|Zambia is one of Sub-Saharan Africa's most highly urbanized countries.
About one-half of the country's 10.2 million people are concentrated in a
few urban zones strung along the major transportation corridors, while
rural areas are underpopulated. Unemployment and underemployment are
serious. Per capita annual incomes are currently at about one-half their
levels at independence, and at $273, place the country among the world's
poorer nations. Social indicators continue to decline, particularly in
measurements of life expectancy at birth (about 37 years) and maternal and
infant mortality (114 per 1,000 live births). The high population growth
rate of 2.9% per annum makes it difficult for per capita income to
increase. The country's rate of economic growth cannot support rapid
population growth or the strain which HIV/AIDS related issues (i.e.,
rising medical costs, decline in worker production) places on government
The Chiluba government (1991-2001) came to power after democratic multiparty elections in November 1991, committed to an economic recovery program. The government was successful in some areas such as privatization of most of the parastatals, maintenance of positive real interest rates, the elimination of exchange controls and endorsement of free market principles. It remains to be seen whether the new Mwanawasa government will be more aggressive in implementing economic reform and undertaking further privatization. Telecommunications, electricity, and transport parastatals still need to be privatized before the economy can compete regionally and internationally. Furthermore, Zambia has yet to address effectively issues such as reducing the size of the public sector, which still represents 44% of total formal employment, and improving Zambia's social sector delivery systems.
After the government privatized the giant parastatal mining company Zambian Consolidated Copper Mines (ZCCM), donors resumed balance-of-payment support.
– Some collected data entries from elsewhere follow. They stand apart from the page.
lemma Vfun_boundary_value:
  fixes x \<sigma> :: real and H Q :: "complex \<Rightarrow> complex^'r::finite^'r"
    and lam sq :: "'r \<Rightarrow> complex \<Rightarrow> complex" and n :: "'r \<Rightarrow> nat"
  assumes \<sigma>: "\<sigma> \<in> {-1, 1}" and x: "-1 < x" "x < 1"
    and N: "open N" "complex_of_real x \<in> N"
    and sq_cont: "\<And>k. continuous_on (N - slit1) (sq k)"
    and sq_sq: "\<And>k z. z \<in> N - slit1 \<Longrightarrow> (sq k z)\<^sup>2 = (-1) ^ n k * lam k z"
    and lam_cont: "\<And>k. isCont (lam k) (complex_of_real x)"
    and lam_real: "\<And>k. lam k (complex_of_real x) \<in> \<real>"
    and lam_pos: "\<And>k. 0 < Re (lam k (complex_of_real x))"
    and Q_cont: "\<And>i k. isCont (\<lambda>w. Q w $ i $ k) (complex_of_real x)"
    and H_x: "H (complex_of_real x) = Q (complex_of_real x) ** diag_mat (\<lambda>k. lam k (complex_of_real x))
                 ** adjoint_mat (Q (complex_of_real x))"
  shows "\<exists>V. ((\<lambda>\<epsilon>. Vfun \<alpha> \<beta> Q sq (complex_of_real x + complex_of_real \<sigma> * \<i> * complex_of_real \<epsilon>))
              \<longlongrightarrow> V) (at_right 0)
           \<and> Wfun \<alpha> \<beta> H (complex_of_real x) = V ** adjoint_mat V"
proof -
  define \<gamma> where "\<gamma> \<epsilon> = complex_of_real x + complex_of_real \<sigma> * \<i> * complex_of_real \<epsilon>" for \<epsilon>
  have \<gamma>_lim: "(\<gamma> \<longlongrightarrow> complex_of_real x) (at_right 0)"
    unfolding \<gamma>_def by (rule tendsto_vertical_at_right)
  obtain r where "0 < r" "ball (complex_of_real x) r \<subseteq> N"
    using N open_contains_ball by blast
  have \<gamma>_in: "\<gamma> \<epsilon> \<in> N - slit1" if "0 < \<epsilon>" "\<epsilon> < r" for \<epsilon>
  proof -
    have "dist (complex_of_real x) (\<gamma> \<epsilon>) < r" using \<sigma> that by (auto simp: \<gamma>_def dist_norm norm_mult)
    moreover have "Im (\<gamma> \<epsilon>) \<noteq> 0" using \<sigma> that by (auto simp: \<gamma>_def)
    ultimately show ?thesis using \<open>ball (complex_of_real x) r \<subseteq> N\<close> by (auto simp: slit1_eq)
  qed
  have "continuous_on {0<..<r} \<gamma>" unfolding \<gamma>_def by (intro continuous_intros)
  then have "\<exists>l. ((\<lambda>\<epsilon>. sq k (\<gamma> \<epsilon>)) \<longlongrightarrow> l) (at_right 0) \<and> l * cnj l = lam k (complex_of_real x)" for k
    by (intro sqrt_branch_boundary_value[OF \<open>0 < r\<close> _ \<gamma>_lim \<gamma>_in sq_cont lam_cont sq_sq lam_real lam_pos])
  then obtain l where l: "\<And>k. ((\<lambda>\<epsilon>. sq k (\<gamma> \<epsilon>)) \<longlongrightarrow> l k) (at_right 0)"
      "\<And>k. l k * cnj (l k) = lam k (complex_of_real x)"
    by metis
  obtain c where c: "((\<lambda>\<epsilon>. (\<gamma> \<epsilon> - 1) powr complex_of_real (\<alpha>/2) * (\<gamma> \<epsilon> + 1) powr complex_of_real (\<beta>/2)) \<longlongrightarrow> c)
      (at_right 0)"
      "c * cnj c = (1 - complex_of_real x) powr complex_of_real \<alpha> * (1 + complex_of_real x) powr complex_of_real \<beta>"
    using Vfun_prefactor_boundary_value[OF \<sigma> x, of \<alpha> \<beta>] unfolding \<gamma>_def by blast
  define V :: "complex^'r^'r" where "V = smat c (Q (complex_of_real x) ** diag_mat l)"
  have lim: "((\<lambda>\<epsilon>. Vfun \<alpha> \<beta> Q sq (\<gamma> \<epsilon>)) \<longlongrightarrow> V) (at_right 0)"
  proof (intro vec_tendstoI)
    fix i k
    show "((\<lambda>\<epsilon>. Vfun \<alpha> \<beta> Q sq (\<gamma> \<epsilon>) $ i $ k) \<longlongrightarrow> V $ i $ k) (at_right 0)"
      unfolding Vfun_def V_def smat_def matrix_diag_entry vec_lambda_beta
      by (intro tendsto_mult c(1) l isCont_tendsto_compose[OF Q_cont \<gamma>_lim])
  qed
  have "V ** adjoint_mat V = V ** diag_mat (\<lambda>_. 1) ** adjoint_mat V"
    by (simp add: diag_mat_1)
  also have "\<dots> = Q (complex_of_real x) ** diag_mat (\<lambda>k. c * cnj c * (l k * 1 * cnj (l k)))
      ** adjoint_mat (Q (complex_of_real x))"
    unfolding V_def by (rule smat_diag_mult_diag_adjoint)
  also have "\<dots> = Wfun \<alpha> \<beta> H (complex_of_real x)"
    unfolding Wfun_def H_x smat_diag_adjoint c(2) by (simp add: l(2))
  finally show ?thesis using lim unfolding \<gamma>_def by auto
qed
The final transfer of ZCCM's assets occurred on March 31, 2000. Although balance-of payment payments are not the answer to Zambia's long-term debt problems, it will in the short term provide the government some breathing room to implement further economic reforms. The GRZ has, however, spent much of its foreign exchange reserves to intervene in the exchange rate mechanism. To continue to do so, however, would jeopardize Zambia's debt relief. Zambia qualified for HIPC debt relief in 2000, contingent upon the country meeting certain performance criteria, and this should offer a long-term solution to Zambia's debt situation.
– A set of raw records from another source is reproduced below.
section \<open>Discrete Morrey spaces\<close>

definition morrey_term :: "real \<Rightarrow> real \<Rightarrow> (int ^ ('d::finite) \<Rightarrow> real) \<Rightarrow> (int ^ 'd) \<times> nat \<Rightarrow> real" where
  "morrey_term p q x mN = real (card (cube (fst mN) (snd mN))) powr (1/q - 1/p) *
     (\<Sum>k\<in>cube (fst mN) (snd mN). \<bar>x k\<bar> powr p) powr (1/p)"

lemma morrey_norm_eq_SUP: "morrey_norm p q x = (SUP mN. morrey_term p q x mN)"
  unfolding morrey_norm_def morrey_term_def ..

lemma morrey_space_eq: "morrey_space p q = {x. bdd_above (range (morrey_term p q x))}"
  unfolding morrey_space_def morrey_term_def ..

lemma morrey_term_nonneg: "0 \<le> morrey_term p q x mN"
  unfolding morrey_term_def by simp

lemma morrey_term_le_norm: "x \<in> morrey_space p q \<Longrightarrow> morrey_term p q x mN \<le> morrey_norm p q x"
  unfolding morrey_space_eq morrey_norm_eq_SUP by (auto intro: cSUP_upper)

lemma morrey_norm_nonneg: "x \<in> morrey_space p q \<Longrightarrow> 0 \<le> morrey_norm p q x"
  using morrey_term_nonneg morrey_term_le_norm order_trans by blast

lemma morrey_norm_le:
  assumes "\<And>mN. morrey_term p q x mN \<le> c"
  shows "x \<in> morrey_space p q \<and> morrey_norm p q x \<le> c"
proof
  show "x \<in> morrey_space p q"
    unfolding morrey_space_eq by (auto intro: bdd_aboveI2 assms)
  show "morrey_norm p q x \<le> c"
    unfolding morrey_norm_eq_SUP by (simp add: cSUP_least assms)
qed

lemma cube_0: "cube m 0 = {m}"
  unfolding cube_def by (auto simp: vec_eq_iff)

lemma morrey_term_singleton: "0 < p \<Longrightarrow> morrey_term p q x (m, 0) = \<bar>x m\<bar>"
  unfolding morrey_term_def by (simp add: cube_0 powr_powr)

lemma abs_le_morrey_norm: "0 < p \<Longrightarrow> x \<in> morrey_space p q \<Longrightarrow> \<bar>x k\<bar> \<le> morrey_norm p q x"
  using morrey_term_le_norm[of x p q "(k, 0)"] by (simp add: morrey_term_singleton)

lemma morrey_term_dominated:
  assumes p: "1 \<le> p" and c: "0 \<le> c1" "0 \<le> c2"
    and dom: "\<And>k. \<bar>z k\<bar> \<le> c1 * \<bar>x k\<bar> + c2 * \<bar>y k\<bar>"
  shows "morrey_term p q z mN \<le> c1 * morrey_term p q x mN + c2 * morrey_term p q y mN"
proof (cases "finite (cube (fst mN) (snd mN))")
  case False
  then show ?thesis by (simp add: morrey_term_def)
next
  case True
  define C where "C = cube (fst mN) (snd mN)"
  have "(\<Sum>k\<in>C. \<bar>z k\<bar> powr p) powr (1/p) \<le> (\<Sum>k\<in>C. (c1 * \<bar>x k\<bar> + c2 * \<bar>y k\<bar>) powr p) powr (1/p)"
    using p dom by (intro powr_mono2 sum_mono sum_nonneg) auto
  also have "\<dots> \<le> (\<Sum>k\<in>C. (c1 * \<bar>x k\<bar>) powr p) powr (1/p) + (\<Sum>k\<in>C. (c2 * \<bar>y k\<bar>) powr p) powr (1/p)"
    using True c p unfolding C_def by (intro minkowski_sum_powr) auto
  also have "\<dots> = c1 * (\<Sum>k\<in>C. \<bar>x k\<bar> powr p) powr (1/p) + c2 * (\<Sum>k\<in>C. \<bar>y k\<bar> powr p) powr (1/p)"
    using c p by (simp add: sum_powr_scale)
  finally have "real (card C) powr (1/q - 1/p) * (\<Sum>k\<in>C. \<bar>z k\<bar> powr p) powr (1/p)
      \<le> real (card C) powr (1/q - 1/p) * (c1 * (\<Sum>k\<in>C. \<bar>x k\<bar> powr p) powr (1/p)
           + c2 * (\<Sum>k\<in>C. \<bar>y k\<bar> powr p) powr (1/p))"
    by (rule mult_left_mono) simp
  then show ?thesis
    unfolding morrey_term_def C_def[symmetric] by (simp add: algebra_simps)
qed

lemma morrey_norm_dominated:
  assumes p: "1 \<le> p" and c: "0 \<le> c1" "0 \<le> c2" and xy: "x \<in> morrey_space p q" "y \<in> morrey_space p q"
    and dom: "\<And>k. \<bar>z k\<bar> \<le> c1 * \<bar>x k\<bar> + c2 * \<bar>y k\<bar>"
  shows "z \<in> morrey_space p q \<and> morrey_norm p q z \<le> c1 * morrey_norm p q x + c2 * morrey_norm p q y"
proof (rule morrey_norm_le)
  fix mN
  have "morrey_term p q z mN \<le> c1 * morrey_term p q x mN + c2 * morrey_term p q y mN"
    by (rule morrey_term_dominated[OF p c dom])
  also have "\<dots> \<le> c1 * morrey_norm p q x + c2 * morrey_norm p q y"
    using c xy by (intro add_mono mult_left_mono morrey_term_le_norm)
  finally show "morrey_term p q z mN \<le> c1 * morrey_norm p q x + c2 * morrey_norm p q y" .
qed

lemma normed_function_space_morrey:
  assumes "1 \<le> p"
  shows "normed_function_space (morrey_space p q :: (int ^ 'd::finite \<Rightarrow> real) set) (morrey_norm p q)"
  unfolding normed_function_space_def
proof (intro conjI ballI allI impI)
  fix x :: "int ^ 'd \<Rightarrow> real" assume x: "x \<in> morrey_space p q"
  show "0 \<le> morrey_norm p q x" by (rule morrey_norm_nonneg[OF x])
  assume "morrey_norm p q x = 0"
  then show "x = (\<lambda>_. 0)"
    using abs_le_morrey_norm[OF _ x] assms by (force simp: fun_eq_iff)
next
  fix x y :: "int ^ 'd \<Rightarrow> real" and a b :: real
  assume xy: "x \<in> morrey_space p q" "y \<in> morrey_space p q"
  have "\<bar>a * x k + b * y k\<bar> \<le> \<bar>a\<bar> * \<bar>x k\<bar> + \<bar>b\<bar> * \<bar>y k\<bar>" for k
    by (metis abs_mult abs_triangle_ineq)
  from morrey_norm_dominated[OF assms abs_ge_zero abs_ge_zero xy this]
  show "(\<lambda>k. a * x k + b * y k) \<in> morrey_space p q"
    "morrey_norm p q (\<lambda>k. a * x k + b * y k) \<le> \<bar>a\<bar> * morrey_norm p q x + \<bar>b\<bar> * morrey_norm p q y"
    by auto
qed

lemma card_cube_powr_le_1:
  assumes "0 < p" "p \<le> q"
  shows "real (card (cube m N)) powr (1/q - 1/p) \<le> 1"
proof (cases "card (cube m N) = 0")
  case False
  then have "real (card (cube m N)) powr (1/q - 1/p) \<le> real (card (cube m N)) powr 0"
    using assms by (intro powr_mono) (auto simp: frac_le)
  then show ?thesis using False by simp
qed simp

lemma card_cube_ge:
  fixes m :: "int ^ 'd::finite"
  assumes "0 \<in> cube m N" "(\<chi> i. int M) \<in> cube m N" "finite (cube m N)"
  shows "M + 1 \<le> card (cube m N)"
proof -
  obtain i :: 'd where True by blast
  from assms(1,2) have "\<bar>m $ i\<bar> \<le> int N" "\<bar>int M - m $ i\<bar> \<le> int N"
    unfolding cube_def by auto
  then have M: "int M \<le> 2 * int N" by linarith
  define g where "g t = (\<chi> i. m $ i + t)" for t :: int
  have "inj_on g {- int N .. int N}"
    by (auto simp: inj_on_def g_def vec_eq_iff)
  moreover have "g ` {- int N .. int N} \<subseteq> cube m N"
    by (auto simp: g_def cube_def)
  ultimately have "card {- int N .. int N} \<le> card (cube m N)"
    using card_inj_on_le assms(3) by blast
  then show ?thesis using M by simp
qed

lemma sum_powr_two_points:
  fixes \<alpha> \<beta> p :: real
  assumes "c \<noteq> a" "finite C"
  shows "(\<Sum>k\<in>C. \<bar>\<alpha> * indicator {c} k + \<beta> * indicator {a} k\<bar> powr p)
           = (if c \<in> C then \<bar>\<alpha>\<bar> powr p else 0) + (if a \<in> C then \<bar>\<beta>\<bar> powr p else 0)"
proof -
  have "\<bar>\<alpha> * indicator {c} k + \<beta> * indicator {a} k\<bar> powr p
          = (if k = c then \<bar>\<alpha>\<bar> powr p else 0) + (if k = a then \<bar>\<beta>\<bar> powr p else 0)" for k
    using assms(1) by (auto simp: indicator_def)
  then show ?thesis
    using assms(2) by (simp add: sum.distrib)
qed

lemma powr_sum_two_le_max:
  fixes \<alpha> \<beta> p :: real
  assumes "0 < p"
  shows "(\<bar>\<alpha>\<bar> powr p + \<bar>\<beta>\<bar> powr p) powr (1/p) \<le> 2 powr (1/p) * max \<bar>\<alpha>\<bar> \<bar>\<beta>\<bar>"
proof -
  have "\<bar>\<alpha>\<bar> powr p \<le> max \<bar>\<alpha>\<bar> \<bar>\<beta>\<bar> powr p" "\<bar>\<beta>\<bar> powr p \<le> max \<bar>\<alpha>\<bar> \<bar>\<beta>\<bar> powr p"
    using assms by (simp_all add: powr_mono2)
  then have "\<bar>\<alpha>\<bar> powr p + \<bar>\<beta>\<bar> powr p \<le> 2 * max \<bar>\<alpha>\<bar> \<bar>\<beta>\<bar> powr p"
    by linarith
  then have "(\<bar>\<alpha>\<bar> powr p + \<bar>\<beta>\<bar> powr p) powr (1/p) \<le> (2 * max \<bar>\<alpha>\<bar> \<bar>\<beta>\<bar> powr p) powr (1/p)"
    using assms by (intro powr_mono2) auto
  then show ?thesis
    using assms by (simp add: powr_mult powr_powr)
qed


text \<open>The bound on \<open>M\<close> is what makes \<open>M powr (1/q - 1/p) * 2 powr (1/p) \<le> 1\<close>.\<close>
lemma morrey_term_two_points_le:
  fixes \<alpha> \<beta> :: real
  assumes p: "0 < p" "p < q" and M: "2 powr (1 / (p * (1/p - 1/q))) \<le> real M"
  defines "a \<equiv> (\<chi> i. int M) :: int ^ 'd::finite"
  shows "morrey_term p q (\<lambda>k. \<alpha> * indicator {0} k + \<beta> * indicator {a} k) mN \<le> max \<bar>\<alpha>\<bar> \<bar>\<beta>\<bar>"
proof (cases "finite (cube (fst mN) (snd mN))")
  case False
  then show ?thesis by (simp add: morrey_term_def)
next
  case True
  define C where "C = cube (fst mN) (snd mN)"
  define w where "w = real (card C) powr (1/q - 1/p)"
  define r where "r = 1/p - 1/q"
  have r: "0 < r" "1/q - 1/p = - r" using p by (simp_all add: r_def frac_less2)
  have "0 < real M" using M powr_gt_zero[of 2 "1 / (p * r)"] unfolding r_def by linarith
  then have "a \<noteq> 0" by (auto simp: a_def vec_eq_iff)
  have w: "0 \<le> w" "w \<le> 1"
    using card_cube_powr_le_1[OF p(1) less_imp_le[OF p(2)]] unfolding w_def C_def by auto
  have mt: "morrey_term p q (\<lambda>k. \<alpha> * indicator {0} k + \<beta> * indicator {a} k) mN
      = w * ((if 0 \<in> C then \<bar>\<alpha>\<bar> powr p else 0) + (if a \<in> C then \<bar>\<beta>\<bar> powr p else 0)) powr (1/p)"
    unfolding morrey_term_def w_def C_def using sum_powr_two_points[OF \<open>a \<noteq> 0\<close>[symmetric] True] by simp
  show ?thesis
  proof (cases "0 \<in> C \<and> a \<in> C")
    case both: True
    have "real M \<le> real (card C)"
      using card_cube_ge[of "fst mN" "snd mN" M] both True unfolding C_def a_def by simp
    then have "w \<le> real M powr (- r)"
      unfolding w_def r(2) using \<open>0 < real M\<close> r(1) by (intro powr_mono2') auto
    moreover have "(2 powr (1 / (p * r))) powr r \<le> real M powr r"
      using M r(1) unfolding r_def by (intro powr_mono2) auto
    then have "2 powr (1/p) \<le> real M powr r"
      using r(1) p(1) by (simp add: powr_powr)
    ultimately have "w * 2 powr (1/p) \<le> real M powr (- r) * real M powr r"
      using w(1) by (intro mult_mono) auto
    then have "w * 2 powr (1/p) \<le> 1"
      using \<open>0 < real M\<close> by (simp add: powr_minus)
    have "w * ((\<bar>\<alpha>\<bar> powr p + \<bar>\<beta>\<bar> powr p) powr (1/p)) \<le> w * (2 powr (1/p) * max \<bar>\<alpha>\<bar> \<bar>\<beta>\<bar>)"
      using powr_sum_two_le_max[OF p(1)] w(1) by (rule mult_left_mono)
    also have "\<dots> = (w * 2 powr (1/p)) * max \<bar>\<alpha>\<bar> \<bar>\<beta>\<bar>"
      by simp
    also have "\<dots> \<le> max \<bar>\<alpha>\<bar> \<bar>\<beta>\<bar>"
      using \<open>w * 2 powr (1/p) \<le> 1\<close> w(1) by (intro mult_left_le_one_le) auto
    finally show ?thesis
      unfolding mt using both by simp
  next
    case False
    then have "((if 0 \<in> C then \<bar>\<alpha>\<bar> powr p else 0) + (if a \<in> C then \<bar>\<beta>\<bar> powr p else 0)) powr (1/p)
        \<le> max \<bar>\<alpha>\<bar> \<bar>\<beta>\<bar>"
      using p by (auto simp: powr_powr)
    then show ?thesis
      unfolding mt using mult_left_le_one_le[OF powr_ge_zero w] by (rule order_trans[rotated])
  qed
qed

lemma linf2_pair_morrey:
  assumes p: "0 < p" "p < q"
  shows "\<exists>u v. linf2_pair (morrey_space p q :: (int ^ 'd::finite \<Rightarrow> real) set) (morrey_norm p q) u v"
proof -
  obtain M :: nat where M: "2 powr (1 / (p * (1/p - 1/q))) \<le> real M"
    using reals_Archimedean2 less_imp_le by blast
  define a :: "int ^ 'd" where "a = (\<chi> i. int M)"
  have "0 < real M" using M powr_gt_zero[of 2 "1 / (p * (1/p - 1/q))"] by linarith
  then have "a \<noteq> 0" by (auto simp: a_def vec_eq_iff)
  have "linf2_pair (morrey_space p q) (morrey_norm p q) (indicator {0}) (indicator {a})"
    unfolding linf2_pair_def
  proof (intro allI conjI)
    fix \<alpha> \<beta> :: real
    let ?z = "\<lambda>k. \<alpha> * indicator {0} k + \<beta> * indicator {a} k"
    have z: "?z \<in> morrey_space p q" "morrey_norm p q ?z \<le> max \<bar>\<alpha>\<bar> \<bar>\<beta>\<bar>"
      using morrey_norm_le[OF morrey_term_two_points_le[OF p M]] unfolding a_def by blast+
    then show "?z \<in> morrey_space p q" by blast
    have "\<bar>?z 0\<bar> \<le> morrey_norm p q ?z" "\<bar>?z a\<bar> \<le> morrey_norm p q ?z"
      using abs_le_morrey_norm[OF p(1) z(1)] by blast+
    then show "morrey_norm p q ?z = max \<bar>\<alpha>\<bar> \<bar>\<beta>\<bar>"
      using z(2) \<open>a \<noteq> 0\<close> by (simp add: indicator_def)
  qed
  then show ?thesis by blast
qed

theorem theorem2:
  fixes p q :: real
  assumes "1 \<le> p" and "p < q"
  shows "C_NJ (morrey_space p q :: (int ^ ('d::finite) \<Rightarrow> real) set) (morrey_norm p q) = 2
       \<and> C_J (morrey_space p q :: (int ^ ('d::finite) \<Rightarrow> real) set) (morrey_norm p q) = 2
       \<and> C_DW (morrey_space p q :: (int ^ ('d::finite) \<Rightarrow> real) set) (morrey_norm p q) = 4"
proof -
  have X: "normed_function_space (morrey_space p q :: (int ^ 'd \<Rightarrow> real) set) (morrey_norm p q)"
    using normed_function_space_morrey[OF assms(1)] .
  have "0 < p" using assms(1) by simp
  then obtain u v where uv: "linf2_pair (morrey_space p q :: (int ^ 'd \<Rightarrow> real) set) (morrey_norm p q) u v"
    using linf2_pair_morrey[OF _ assms(2)] by blast
  show ?thesis
    using C_NJ_le_2[OF X] C_NJ_ge_2[OF uv] C_J_le_2[OF X] C_J_ge_2[OF uv]
      C_DW_le_4[OF X] C_DW_ge_4[OF uv]
    by (auto intro: antisym)
qed

end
The Zambian economy has historically been based on the copper mining industry. Output of copper has fallen, however, to a 1990s low of 228,000 tonnes in 1998, continuing a 30-year decline in output due to lack of investment, and more recently, low copper prices and uncertainty over privatization. In 2001, the first full year of a privatized industry, Zambia recorded its first year of increased productivity since 1973. The future of the copper industry in Zambia was thrown into doubt in January 2002 by investors in Zambia's largest copper mines, who have yet to return the privatized assets to profitability.
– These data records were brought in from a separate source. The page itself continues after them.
(* Fix an iteration $t$, an agent $p$, and $\ell>0$. Let $w^{t+1},\lambda^t_p,z^t_p\in\mathbb{R}^{J\times K}$ and $\rho^t>0$ be given and independent of the data. For a dataset $\mathcal{D}$ let $$z^{t+1}_p(\ell;\mathcal{D})=\operatorname{argmin}_{z\in\mathbb{R}^{J\times K}}\langle f'_p(z^t_p;\mathcal{D}),z\rangle+\tfrac{\rho^t}{2}\big\|w^{t+1}-z+\tfrac1{\rho^t}(\lambda^t_p-\tilde\xi^t_p)\big\|^2+\sum_{m=1}^M\ln(1+e^{\ell h^t_m(z)}),$$ where $\tilde\xi^t_p$ has i.i.d. Laplace entries with mean $0$ and scale $\bar\Delta^t_p/\bar\epsilon$ (joint density proportional to $\exp(-\bar\epsilon\|\tilde\xi^t_p\|_1/\bar\Delta^t_p)$), $\bar\epsilon>0$, $\bar\Delta^t_p=\max_{\mathcal{D}'_p\in\widehat{\mathcal{D}}_p}\|f'_p(z^t_p;\mathcal{D}_p)-f'_p(z^t_p;\mathcal{D}'_p)\|_1$, the same noise distribution being used for $\mathcal{D}_p$ and its neighbours. Then for all measurable $\mathcal{S}\subset\mathbb{R}^{J\times K}$ and all $\mathcal{D}'_p\in\widehat{\mathcal{D}}_p$, $$e^{-\bar\epsilon}\,\mathbb{P}(z^{t+1}_p(\ell;\mathcal{D}'_p)\in\mathcal{S})\le\mathbb{P}(z^{t+1}_p(\ell;\mathcal{D}_p)\in\mathcal{S})\le e^{\bar\epsilon}\,\mathbb{P}(z^{t+1}_p(\ell;\mathcal{D}'_p)\in\mathcal{S}).$$
   Context: $\mathbb{R}^{J\times K}$ carries the Frobenius inner product and norm; $\|\cdot\|_1$ is the entrywise $\ell_1$-norm. For a dataset $\mathcal{D}$, $f_p(z;\mathcal{D})=\frac1I\sum_{(x,y)\in\mathcal{D}}\varphi(z;x,y)+\frac\beta Pr(z)$ with convex loss $\varphi$, convex regularizer $r$, $\beta>0$, $I>0$ fixed; $f'_p(z;\mathcal{D})$ is a fixed subgradient at $z$. $\widehat{\mathcal{D}}_p$ is the collection of datasets differing from $\mathcal{D}_p$ in a single entry. $h^t_1,\dots,h^t_M$ are convex, twice continuously differentiable functions with $\{z:h^t_m(z)\le0\ \forall m\}=\mathcal{W}\cap\{z:\|z-z^t_p\|\le\delta^t\}$ for a compact convex $\mathcal{W}$ and $\delta^t>0$. The objective is strongly convex, so the minimizer is unique. *)

theory Defs
  imports "HOL-Analysis.Analysis"
begin

text \<open>Points of R^{J x K} are represented as real^'k^'j (J x K matrices);
  the Euclidean norm and inner product on this type are the Frobenius ones.\<close>

definition l1norm :: "real^'k^'j \<Rightarrow> real" where
  "l1norm x = (\<Sum>j\<in>UNIV. \<Sum>k\<in>UNIV. \<bar>x $ j $ k\<bar>)"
Lack of balance-of-payment support has meant the Zambian Government has not had resources for capital investment, and has periodically had to issue bonds or otherwise expand the money supply to try to meet its spending and debt obligations. The GRZ continued these activities even after balance-of-payment support resumed. This has helped keep interest rates at levels that are too high for local business, fueled inflation, burdened the budget with domestic debt payments, while still falling short of meeting the public payroll and other needs, such as infrastructure rehabilitation. The government was forced to draw down foreign exchange reserves sharply in 1998 to meet foreign debt obligations, putting further pressure on the kwacha and inflation. Inflation held at 32% in 2000; consequently, the kwacha lost the same value against the dollar over the same period. In mid- to late 2001, Zambia's fiscal management became more conservative. As a result, 2001 year-end inflation was below 20%, its best result in decades.
The agriculture sector represented 20% GDP in 2000. Agriculture accounted for 85% of total employment (formal and informal) for 2000. Maize (corn) is the principal cash crop as well as the staple food. Other important crops include soybean, cotton, sugar, sunflower seeds, wheat, sorghum, millet, cassava, tobacco, and various vegetable and fruit crops. Floriculture is a growth sector, and agricultural nontraditional exports now rival the mining industry in foreign exchange receipts. Zambia has the potential for significantly increasing its agricultural output; currently, only 20% of its arable land is cultivated. In the past, the agriculture sector suffered from low producer prices, difficulties in availability and distribution of credit and inputs, and the shortage of foreign exchange.
There are, however, positive macroeconomic signs, rooted in reforms implemented in the early and mid-1990s. Zambia's floating exchange rate and open capital markets have provided useful discipline on the government, while at the same time allowing continued diversification of Zambia's export sector, growth in the tourist industry, and procurement of inputs for growing businesses. The copperbelt has experienced a significant revival as spin-off effects from the massive capital reinvestment are experienced.